Species of fig tree from Asia

Ficus neriifolia is a species of fig (Ficus). It is native to Asia, including Bhutan, Burma, China, India, and Nepal.

==Description==
Ficus neriifolia grows as a tree up to 15 m (50 ft) tall with smooth, dark grey bark on its trunk. The hairless, leathery oval to lanceolate (spear-shaped) leaves are up to 8–18 cm long by 3–6.5 cm wide, and often asymmetrical in shape. The 8–10 cm diameter figs are rounded, oval, or cylindrical and grow in pairs off older branches.

==Taxonomy==
James Edward Smith described Ficus neriifolia in 1810.

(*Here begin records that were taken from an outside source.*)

(* Fix a valid ILA model and a secret parameter $\mathsf{sp}\in\mathcal{SP}$. Suppose $\mathsf{topub}(\mathsf{sp});\Gamma\vdash e:\tau$ and $\mathsf{sp};\Gamma\vDash\gamma$. Then there are values $v$ and $v_{\mathsf{msg}}$ with $\langle\gamma,e\rangle\Downarrow v$ and $\langle\mathsf{interp}^{\mathsf{sp}}_\Gamma(\gamma),e\rangle\Downarrow^{\mathsf{sp}}_{\mathsf{msg}}v_{\mathsf{msg}}$ such that $\mathsf{interp}^{\mathsf{sp}}_{\mathsf{sort}(v)}(v)=v_{\mathsf{msg}}$.
   Context: An ILA model consists of: sets $\mathcal{PP}$ (public parameters) and $\mathcal{SP}$ (secret parameters) with a map $\mathsf{topub}:\mathcal{SP}\to\mathcal{PP}$; for each sort $s\in\{\mathsf{msg},\mathsf{plain},\mathsf{cipher}\}$ a carrier set $[\![s]\!]$ (the sort of a value $v$, written $\mathsf{sort}(v)$, is the $s$ with $v\in[\![s]\!]$) and a partially ordered set $(B_s,\le_s)$ of bounds; maps $|\cdot|^{\mathsf{pp}}_{\mathsf{msg}}:[\![\mathsf{msg}]\!]\to B_{\mathsf{msg}}$, $|\cdot|^{\mathsf{pp}}_{\mathsf{plain}}:[\![\mathsf{plain}]\!]\to B_{\mathsf{plain}}$ for $\mathsf{pp}\in\mathcal{PP}$, and $|\cdot|^{\mathsf{sp}}_{\mathsf{cipher}}:[\![\mathsf{cipher}]\!]\to B_{\mathsf{cipher}}$ for $\mathsf{sp}\in\mathcal{SP}$ (for $s\in\{\mathsf{msg},\mathsf{plain}\}$, $|\cdot|^{\mathsf{sp}}_s$ means $|\cdot|^{\mathsf{topub}(\mathsf{sp})}_s$); interpretation maps $\mathsf{interp}^{\mathsf{pp}}_{\mathsf{plain}}:[\![\mathsf{plain}]\!]\to[\![\mathsf{msg}]\!]$ (decoding), $\mathsf{interp}^{\mathsf{sp}}_{\mathsf{cipher}}:[\![\mathsf{cipher}]\!]\to[\![\mathsf{msg}]\!]$ (decryption), with $\mathsf{interp}^{\mathsf{pp}}_{\mathsf{msg}}$ the identity and $\mathsf{interp}^{\mathsf{sp}}_s:=\mathsf{interp}^{\mathsf{topub}(\mathsf{sp})}_s$ for $s\in\{\mathsf{msg},\mathsf{plain}\}$; and a set of operations, each $\mathsf{op}$ having an arity $s_1,\dots,s_n\to s$ and equipped with a total function $[\![\mathsf{op}]\!]:\prod_i[\![s_i]\!]\to[\![s]\!]$, a partial function $[\![\mathsf{op}]\!]^{\mathsf{pp}}_{\mathsf{bnd}}:\prod_i B_{s_i}\rightharpoonup B_s$ for each $\mathsf{pp}$, and a function $[\![\mathsf{op}]\!]_{\mathsf{msg}}:[\![\mathsf{msg}]\!]^n\to[\![\mathsf{msg}]\!]$. The model is valid if (Commutativity) for all $\mathsf{sp}$, all $\mathsf{op}:\vec s_i\to s$ and all $v_i\in[\![s_i]\!]$, if $[\![\mathsf{op}]\!]^{\mathsf{topub}(\mathsf{sp})}_{\mathsf{bnd}}(|v_1|^{\mathsf{sp}}_{s_1},\dots)=b$ is defined then $|[\![\mathsf{op}]\!](\vec v_i)|^{\mathsf{sp}}_s\le_s b$ and $\mathsf{interp}^{\mathsf{sp}}_s([\![\mathsf{op}]\!](\vec v_i))=[\![\mathsf{op}]\!]_{\mathsf{msg}}(\mathsf{interp}^{\mathsf{sp}}_{s_1}(v_1),\dots)$; and (Downwards Closed) if $[\![\mathsf{op}]\!]^{\mathsf{topub}(\mathsf{sp})}_{\mathsf{bnd}}(\vec b_i)=b$ is defined and $b_i'\le_{s_i}b_i$ for all $i$, then $[\![\mathsf{op}]\!]^{\mathsf{topub}(\mathsf{sp})}_{\mathsf{bnd}}(\vec b_i')=b'$ is defined with $b'\le_s b$. Expressions: $e::=x\mid v\mid\mathsf{op}(e_1,\dots,e_n)$ with $v\in[\![s]\!]$, $s\in\{\mathsf{msg},\mathsf{plain}\}$. A substitution $\gamma$ maps variables to values in $[\![\mathsf{msg}]\!]\cup[\![\mathsf{plain}]\!]\cup[\![\mathsf{cipher}]\!]$. Ordinary evaluation $\langle\gamma,e\rangle\Downarrow v$: $\langle\gamma,x\rangle\Downarrow\gamma(x)$; $\langle\gamma,v\rangle\Downarrow v$; if $\mathsf{op}:\vec s_i\to s$ and $\langle\gamma,e_i\rangle\Downarrow v_i\in[\![s_i]\!]$ for all $i$, then $\langle\gamma,\mathsf{op}(\vec e_i)\rangle\Downarrow[\![\mathsf{op}]\!](\vec v_i)$. Cleartext evaluation $\langle\gamma,e\rangle\Downarrow^{\mathsf{sp}}_{\mathsf{msg}}v$ (for substitutions into $[\![\mathsf{msg}]\!]$): $\langle\gamma,x\rangle\Downarrow^{\mathsf{sp}}_{\mathsf{msg}}\gamma(x)$; for $v\in[\![s]\!]$, $\langle\gamma,v\rangle\Downarrow^{\mathsf{sp}}_{\mathsf{msg}}\mathsf{interp}^{\mathsf{sp}}_s(v)$; if $\mathsf{op}:\vec s_i\to s$ and $\langle\gamma,e_i\rangle\Downarrow^{\mathsf{sp}}_{\mathsf{msg}}v_i$ for all $i$, then $\langle\gamma,\mathsf{op}(\vec e_i)\rangle\Downarrow^{\mathsf{sp}}_{\mathsf{msg}}[\![\mathsf{op}]\!]_{\mathsf{msg}}(\vec v_i)$. Types are $s\ \alpha$ with $\alpha\in B_s$; $|s\ \alpha|=\alpha$, $\mathsf{sort}(s\ \alpha)=s$; $s\ \alpha\le s\ \alpha'$ iff $\alpha\le_s\alpha'$. A context $\Gamma$ is a finite map from variables to types. Typing $\mathsf{pp};\Gamma\vdash e:\tau$: if $x:\tau\in\Gamma$ then $\mathsf{pp};\Gamma\vdash x:\tau$; if $\mathsf{pp};\Gamma\vdash e:\tau$ and $\tau\le\tau'$ then $\mathsf{pp};\Gamma\vdash e:\tau'$; if $\mathsf{sort}(v)=s$ then $\mathsf{pp};\Gamma\vdash v:s\ |v|^{\mathsf{pp}}_s$; if $\mathsf{op}:\vec s_i\to s$, $\mathsf{pp};\Gamma\vdash e_i:\tau_i$ with $\mathsf{sort}(\tau_i)=s_i$, and $[\![\mathsf{op}]\!]^{\mathsf{pp}}_{\mathsf{bnd}}(|\tau_1|,\dots,|\tau_n|)=\alpha$ is defined, then $\mathsf{pp};\Gamma\vdash\mathsf{op}(\vec e_i):s\ \alpha$. Semantic types: $[\![s\ \alpha]\!]^{\mathsf{sp}}=\{v\in[\![s]\!]\mid |v|^{\mathsf{sp}}_s\le_s\alpha\}$. $\mathsf{sp};\Gamma\vDash\gamma$ means: for every $x$ in the domain of $\Gamma$, $x$ is in the domain of $\gamma$ and $\gamma(x)\in[\![\Gamma(x)]\!]^{\mathsf{sp}}$. For such $\gamma$, $\mathsf{interp}^{\mathsf{sp}}_\Gamma(\gamma)$ is the substitution $\{x\mapsto\mathsf{interp}^{\mathsf{sp}}_{\mathsf{sort}(\Gamma(x))}(\gamma(x))\}$ over the variables $x$ of $\Gamma$. *)

theory Defs
  imports Main
begin
lemma upper_binomial_Suc_right_terms:
  fixes a b :: "'a::field_char_0"
  shows "(\<Sum>k\<le>n. if n \<le> 2 * k + 1 then of_nat (n choose Suc k) * a ^ Suc k * b ^ (n - k) else 0)
           = b * (upper_binomial a b n - central_term a b n)"
proof -
  define Y where "Y k = (if n \<le> 2 * k + 1 then of_nat (n choose Suc k) * a ^ Suc k * b ^ (n - k) else 0)" for k
  define Z where "Z k = (if Suc n \<le> 2 * k then of_nat (n choose k) * a ^ k * b ^ (Suc n - k) else 0)" for k
  have "(\<Sum>k\<le>n. Y k) = (\<Sum>k\<le>Suc n. Z k)"
    by (subst sum.atMost_Suc_shift) (auto simp: Z_def Y_def intro!: sum.cong)
  also have "\<dots> = (\<Sum>k\<le>n. Z k)" by (simp add: Z_def)
  also have "\<dots> = (\<Sum>k\<le>n. b * ((if n \<le> 2 * k then of_nat (n choose k) * a ^ k * b ^ (n - k) else 0)
      - (if n = 2 * k then of_nat (n choose k) * a ^ k * b ^ (n - k) else 0)))"
  proof (rule sum.cong)
    fix k assume "k \<in> {..n}"
    then have "b ^ (Suc n - k) = b * b ^ (n - k)" by (simp add: Suc_diff_le)
    then show "Z k = b * ((if n \<le> 2 * k then of_nat (n choose k) * a ^ k * b ^ (n - k) else 0)
        - (if n = 2 * k then of_nat (n choose k) * a ^ k * b ^ (n - k) else 0))"
      by (auto simp: Z_def algebra_simps)
  qed simp
  also have "\<dots> = b * (upper_binomial a b n - central_term a b n)"
    by (simp add: upper_binomial_def sum_distrib_left [symmetric] sum_subtractf sum_even_diagonal)
  finally show ?thesis by (simp only: Y_def)
qed

text \<open>Pascal's rule splits each term of \<open>upper_binomial a b (n + 1)\<close> into a term of each of the
  two sums above.\<close>

lemma upper_binomial_Suc:
  fixes a b :: "'a::field_char_0"
  shows "upper_binomial a b (Suc n)
           = (a + b) * upper_binomial a b n + central_term a b (Suc n) / 2 - b * central_term a b n"
proof -
  define X where "X k = (if n \<le> 2 * k + 1 then of_nat (n choose k) * a ^ Suc k * b ^ (n - k) else 0)" for k
  define Y where "Y k = (if n \<le> 2 * k + 1 then of_nat (n choose Suc k) * a ^ Suc k * b ^ (n - k) else 0)" for k
  have "upper_binomial a b (Suc n)
      = (\<Sum>k\<le>n. if Suc n \<le> 2 * Suc k then of_nat (Suc n choose Suc k) * a ^ Suc k * b ^ (Suc n - Suc k) else 0)"
    unfolding upper_binomial_def by (subst sum.atMost_Suc_shift) simp
  also have "\<dots> = (\<Sum>k\<le>n. X k + Y k)"
    by (rule sum.cong) (simp_all add: X_def Y_def algebra_simps)
  also have "\<dots> = (\<Sum>k\<le>n. X k) + (\<Sum>k\<le>n. Y k)"
    by (rule sum.distrib)
  also have "\<dots> = a * upper_binomial a b n + central_term a b (Suc n) / 2
      + b * (upper_binomial a b n - central_term a b n)"
    unfolding X_def Y_def upper_binomial_Suc_left_terms upper_binomial_Suc_right_terms ..
  finally show ?thesis by (simp add: algebra_simps)
qed

lemma binomial_central_Suc:
  "Suc i * (2 * i + 2 choose Suc i) = 2 * (2 * i + 1) * (2 * i choose i)"
proof -
  have odd: "Suc i * (Suc (2 * i + 1) choose Suc i) = Suc (2 * i + 1) * (2 * i + 1 choose i)"
    by (rule Suc_times_binomial)
  have even: "Suc i * (Suc (2 * i) choose Suc i) = Suc (2 * i) * (2 * i choose i)"
    by (rule Suc_times_binomial)
  have sym: "Suc (2 * i) choose Suc i = 2 * i + 1 choose i"
    using binomial_symmetric [of "Suc i" "Suc (2 * i)"] by simp
  from odd have "Suc i * (2 * i + 2 choose Suc i) = 2 * (Suc i * (2 * i + 1 choose i))"
    by (simp del: binomial_Suc_Suc)
  also have "Suc i * (2 * i + 1 choose i) = Suc (2 * i) * (2 * i choose i)"
    using even sym by (simp del: binomial_Suc_Suc)
  finally show ?thesis by simp
qed

lemma central_term_rec:
  fixes a b :: "'a::comm_semiring_1"
  shows "of_nat (m + 2) * central_term a b (m + 2) = 4 * a * b * (of_nat (m + 1) * central_term a b m)"
proof (cases "even m")
  case True
  define i where "i = m div 2"
  have m: "m = 2 * i" using True by (simp add: i_def)
  have "(m + 2) * (m + 2 choose Suc i) = 2 * (Suc i * (2 * i + 2 choose Suc i))"
    unfolding m by (simp add: algebra_simps del: binomial_Suc_Suc)
  also have "\<dots> = 4 * (m + 1) * (m choose i)"
    unfolding binomial_central_Suc m by (simp add: algebra_simps)
  finally have binomial_eq: "(m + 2) * (m + 2 choose Suc i) = 4 * (m + 1) * (m choose i)" .
  have "central_term a b (m + 2) = of_nat (m + 2 choose Suc i) * (a * b) ^ Suc i"
    using m by (simp add: central_term_def del: binomial_Suc_Suc)
  then have "of_nat (m + 2) * central_term a b (m + 2)
      = of_nat ((m + 2) * (m + 2 choose Suc i)) * (a * b) ^ Suc i"
    by (simp only: of_nat_mult mult.assoc)
  also have "\<dots> = of_nat (4 * (m + 1) * (m choose i)) * (a * b) ^ Suc i"
    by (simp only: binomial_eq)
  also have "\<dots> = 4 * a * b * (of_nat (m + 1) * (of_nat (m choose i) * (a * b) ^ i))"
    by (simp add: algebra_simps)
  also have "of_nat (m choose i) * (a * b) ^ i = central_term a b m"
    using m by (simp add: central_term_def)
  finally show ?thesis .
qed (simp add: central_term_def)

lemma fps_conv_radius_Abs_fps_ge:
  fixes c :: "nat \<Rightarrow> 'a::{banach, real_normed_div_algebra}"
  assumes "K > 0" and "\<And>n. norm (c n) \<le> K ^ n"
  shows "ereal (1 / K) \<le> fps_conv_radius (Abs_fps c)"
  unfolding fps_conv_radius_def fps_nth_Abs_fps
proof (rule conv_radius_geI_ex')
  fix r :: real assume r: "0 < r" "ereal r < ereal (1 / K)"
  then have "K * r < 1" using assms(1) by (simp add: field_simps)
  show "summable (\<lambda>n. c n * of_real r ^ n)"
  proof (rule summable_comparison_test)
    show "\<exists>N. \<forall>n\<ge>N. norm (c n * of_real r ^ n) \<le> (K * r) ^ n"
      using assms(2) r by (auto simp: norm_mult norm_power power_mult_distrib intro!: mult_right_mono)
    show "summable (\<lambda>n. (K * r) ^ n)"
      using \<open>K * r < 1\<close> assms(1) r by (intro summable_geometric) simp
  qed
qed

definition coeff_growth :: "complex \<Rightarrow> complex \<Rightarrow> real" where
  "coeff_growth a b = 2 * (norm a + norm b + 1)"

lemma coeff_growth_pos: "coeff_growth a b > 0"
  by (simp add: coeff_growth_def add_nonneg_pos)

lemma norm_upper_binomial_le: "norm (upper_binomial a b n) \<le> coeff_growth a b ^ n"
proof -
  have "norm (upper_binomial a b n)
      \<le> (\<Sum>k\<le>n. real (n choose k) * norm a ^ k * norm b ^ (n - k))"
    unfolding upper_binomial_def
    by (rule order_trans [OF norm_sum sum_mono]) (simp add: norm_mult norm_power)
  also have "\<dots> = (norm a + norm b) ^ n" by (simp add: binomial_ring)
  also have "\<dots> \<le> coeff_growth a b ^ n" unfolding coeff_growth_def by (rule power_mono) auto
  finally show ?thesis .
qed

lemma norm_central_term_le: "norm (central_term a b n) \<le> coeff_growth a b ^ n"
proof (cases "even n")
  case True
  let ?m = "n div 2" and ?K = "norm a + norm b + 1"
  have "norm a * norm b \<le> ?K ^ 2" by (simp add: power2_eq_square algebra_simps)
  then have "(norm a * norm b) ^ ?m \<le> (?K ^ 2) ^ ?m" by (rule power_mono) simp
  also have "\<dots> = ?K ^ n" using True by (simp flip: power_mult)
  finally have "(norm a * norm b) ^ ?m \<le> ?K ^ n" .
  moreover have "real (n choose ?m) \<le> 2 ^ n"
    using binomial_le_pow2 [of n ?m] by (simp flip: of_nat_le_iff)
  ultimately have "real (n choose ?m) * (norm a * norm b) ^ ?m \<le> 2 ^ n * ?K ^ n"
    by (intro mult_mono) auto
  also have "\<dots> = coeff_growth a b ^ n"
    unfolding coeff_growth_def by (simp only: power_mult_distrib)
  finally show ?thesis
    using True by (simp add: central_term_def norm_mult norm_power power_mult_distrib)
qed (simp add: central_term_def less_imp_le [OF coeff_growth_pos])

definition central_fps :: "complex \<Rightarrow> complex \<Rightarrow> complex fps" where
  "central_fps a b = Abs_fps (central_term a b)"

definition upper_binomial_fps :: "complex \<Rightarrow> complex \<Rightarrow> complex fps" where
  "upper_binomial_fps a b = Abs_fps (upper_binomial a b)"

text \<open>The exponential of this series is the zeta function; its constant coefficient is
  \<open>1 / 0 = 0\<close>.\<close>

definition upper_binomial_log_fps :: "complex \<Rightarrow> complex \<Rightarrow> complex fps" where
  "upper_binomial_log_fps a b = Abs_fps (\<lambda>n. upper_binomial a b n / of_nat n)"

lemma fps_conv_radius_central_fps: "ereal (1 / coeff_growth a b) \<le> fps_conv_radius (central_fps a b)"
  unfolding central_fps_def
  by (rule fps_conv_radius_Abs_fps_ge [OF coeff_growth_pos norm_central_term_le])

lemma fps_conv_radius_upper_binomial_fps:
  "ereal (1 / coeff_growth a b) \<le> fps_conv_radius (upper_binomial_fps a b)"
  unfolding upper_binomial_fps_def
  by (rule fps_conv_radius_Abs_fps_ge [OF coeff_growth_pos norm_upper_binomial_le])

lemma fps_conv_radius_upper_binomial_log_fps:
  "ereal (1 / coeff_growth a b) \<le> fps_conv_radius (upper_binomial_log_fps a b)"
  unfolding upper_binomial_log_fps_def
proof (rule fps_conv_radius_Abs_fps_ge [OF coeff_growth_pos])
  fix n
  have "norm (upper_binomial a b n / of_nat n) \<le> norm (upper_binomial a b n)"
    by (cases n) (simp_all add: norm_divide divide_le_eq mult_le_cancel_left1 del: of_nat_Suc)
  then show "norm (upper_binomial a b n / of_nat n) \<le> coeff_growth a b ^ n"
    using norm_upper_binomial_le order_trans by blast
qed

lemma fps_of_poly_pCons_mult:
  fixes f :: "'a::comm_ring_1 fps"
  shows "fps_of_poly (pCons c p) * f = fps_const c * f + fps_X * (fps_of_poly p * f)"
  by (simp add: fps_of_poly_pCons ring_distribs mult_ac)

lemma fps_nth_poly_pCons_mult_0 [simp]:
  fixes f :: "'a::comm_ring_1 fps"
  shows "fps_nth (fps_of_poly (pCons c p) * f) 0 = c * fps_nth f 0"
  by (simp add: fps_of_poly_pCons_mult)

lemma fps_nth_poly_pCons_mult_Suc [simp]:
  fixes f :: "'a::comm_ring_1 fps"
  shows "fps_nth (fps_of_poly (pCons c p) * f) (Suc n) = c * fps_nth f (Suc n) + fps_nth (fps_of_poly p * f) n"
  by (simp add: fps_of_poly_pCons_mult)

lemma fps_nth_poly_const_mult [simp]:
  fixes f :: "'a::comm_ring_1 fps"
  shows "fps_nth (fps_of_poly [:c:] * f) n = c * fps_nth f n"
  by (simp add: fps_of_poly_const)

lemma central_fps_ode:
  "fps_of_poly [:1, 0, - (4 * a * b):] * fps_deriv (central_fps a b)
     = fps_of_poly [:0, 4 * a * b:] * central_fps a b"
proof (rule fps_ext)
  fix n
  let ?c = "central_term a b"
  show "fps_nth (fps_of_poly [:1, 0, - (4 * a * b):] * fps_deriv (central_fps a b)) n
      = fps_nth (fps_of_poly [:0, 4 * a * b:] * central_fps a b) n"
  proof (cases n)
    case 0
    then show ?thesis by (simp add: central_fps_def central_term_def)
  next
    case (Suc m)
    show ?thesis
    proof (cases m)
      case 0
      have "?c (Suc (Suc 0)) = 2 * (a * b)" by (simp add: central_term_def)
      then show ?thesis using Suc 0 by (simp add: central_fps_def central_term_def)
    next
      case (Suc k)
      have "of_nat (k + 3) * ?c (k + 3) = 4 * a * b * (of_nat (k + 2) * ?c (k + 1))"
        using central_term_rec [of "k + 1" a b] by (simp add: numeral_eq_Suc)
      moreover have "fps_nth (fps_of_poly [:1, 0, - (4 * a * b):] * fps_deriv (central_fps a b)) n
          = of_nat (k + 3) * ?c (k + 3) - 4 * a * b * (of_nat (k + 1) * ?c (k + 1))"
        using \<open>n = Suc m\<close> Suc by (simp add: central_fps_def numeral_eq_Suc)
      moreover have "fps_nth (fps_of_poly [:0, 4 * a * b:] * central_fps a b) n = 4 * a * b * ?c (k + 1)"
        using \<open>n = Suc m\<close> Suc by (simp add: central_fps_def)
      ultimately show ?thesis by (simp add: algebra_simps)
    qed
  qed
qed
text \<open>Every independent matching N with the same span as M is again maximal, since maximality
  depends only on the span. Choose such an N for which the set D of hyperedges of N meeting e
  is as small as possible. D is non-empty, for otherwise N + e would be a larger independent
  matching, and X = D + e is connected, being a star around e. If N - D were not maximal in
  H - V(X), some independent matching M' of H - V(X) spanning the same flat as N - D could be
  extended by a hyperedge f. Augmenting the labels of M' (of M' + f if the label of f is
  spanned by N) from those of N can only use labels of D, because the labels of N - D are
  already spanned. This gives an independent matching with the span of N which either can be
  extended by f or meets e in fewer than |D| hyperedges, a contradiction either way.\<close>

lemma subset_span: "A \<subseteq> G \<Longrightarrow> A \<subseteq> span G indep A"
  unfolding span_def by blast

lemma span_mono: "A \<subseteq> B \<Longrightarrow> span G indep A \<subseteq> span G indep B"
  unfolding span_def by blast

lemma span_subset_ground: "span G indep A \<subseteq> G"
  unfolding span_def by blast

lemma indep_insert_notin_span: "x \<in> G \<Longrightarrow> x \<notin> span G indep A \<Longrightarrow> indep A \<Longrightarrow> indep (insert x A)"
  unfolding span_def by blast

locale fin_matroid =
  fixes G :: "'m set" and indep :: "'m set \<Rightarrow> bool"
  assumes matroid: "matroid G indep"
begin

lemma finite_ground: "finite G"
  using matroid unfolding matroid_def by (elim conjE)

lemma indep_subset_ground: "indep I \<Longrightarrow> I \<subseteq> G"
  using matroid unfolding matroid_def by (elim conjE) blast

lemma indep_finite: "indep I \<Longrightarrow> finite I"
  using finite_subset[OF indep_subset_ground finite_ground] .

lemma indep_subset: "indep J \<Longrightarrow> I \<subseteq> J \<Longrightarrow> indep I"
  using matroid unfolding matroid_def by (elim conjE) blast

lemma indep_augment:
  "indep I \<Longrightarrow> indep J \<Longrightarrow> card I < card J \<Longrightarrow> \<exists>x\<in>J - I. indep (insert x I)"
  using matroid unfolding matroid_def by (elim conjE) blast

lemma notin_span_of_indep:
  assumes "indep K" "I \<subseteq> K" "x \<in> K - I"
  shows "x \<notin> span G indep I"
proof
  assume "x \<in> span G indep I"
  then obtain I' where "I' \<subseteq> I" "\<not> indep (insert x I')"
    using assms(3) unfolding span_def by blast
  moreover have "insert x I' \<subseteq> K"
    using \<open>I' \<subseteq> I\<close> assms(2,3) by blast
  ultimately show False
    using indep_subset[OF assms(1)] by blast
qed

lemma card_le_of_subset_span:
  assumes "indep A" "indep J" "A \<subseteq> span G indep J"
  shows "card A \<le> card J"
proof (rule ccontr)
  assume "\<not> card A \<le> card J"
  then obtain x where "x \<in> A - J" "indep (insert x J)"
    using indep_augment[OF assms(2,1)] by auto
  then show False
    using notin_span_of_indep[of "insert x J" J x] assms(3) by blast
qed

lemma card_eq_of_span_eq:
  assumes "indep A" "indep B" "span G indep A = span G indep B"
  shows "card A = card B"
proof (rule antisym)
  show "card A \<le> card B"
    using card_le_of_subset_span[OF assms(1,2)] subset_span[OF indep_subset_ground[OF assms(1)]]
      assms(3) by blast
  show "card B \<le> card A"
    using card_le_of_subset_span[OF assms(2,1)] subset_span[OF indep_subset_ground[OF assms(2)]]
      assms(3) by blast
qed

lemma span_subset_of_subset_span:
  assumes I: "indep I" and J: "indep J" and "card J \<le> card I" and I_J: "I \<subseteq> span G indep J"
  shows "span G indep J \<subseteq> span G indep I"
proof
  fix x assume x: "x \<in> span G indep J"
  show "x \<in> span G indep I"
  proof (rule ccontr)
    assume x_I: "x \<notin> span G indep I"
    have "x \<in> G"
      using x span_subset_ground[of G indep J] by blast
    have "card (insert x I) \<le> card J"
      using card_le_of_subset_span[OF indep_insert_notin_span[OF \<open>x \<in> G\<close> x_I I] J] I_J x by blast
    moreover have "x \<notin> I"
      using x_I subset_span[OF indep_subset_ground[OF I]] by blast
    ultimately show False
      using \<open>card J \<le> card I\<close> indep_finite[OF I] by simp
  qed
qed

In 1965, E.H.Corner regarded the species as having three valid varieties : F. neriifolia var. nemoralis, F. neriifolia var. fieldingii and F. neriifolia var. trilepis. However, Wu and colleagues did not treat them as distinct in 2003. Chaudhary and colleagues observed that the receptacles are distinct and hence further investigation is needed.

==Distribution and habitat==
Ficus neriifolia is found in Mêdog County in southern Tibet and western Yunnan province in China, as well as Bhutan, Myanmar, central and western Nepal, northeastern India including Sikkim, Arunachal Pradesh, Assam, Meghalaya, Mizoram, Nagaland and Uttar Pradesh.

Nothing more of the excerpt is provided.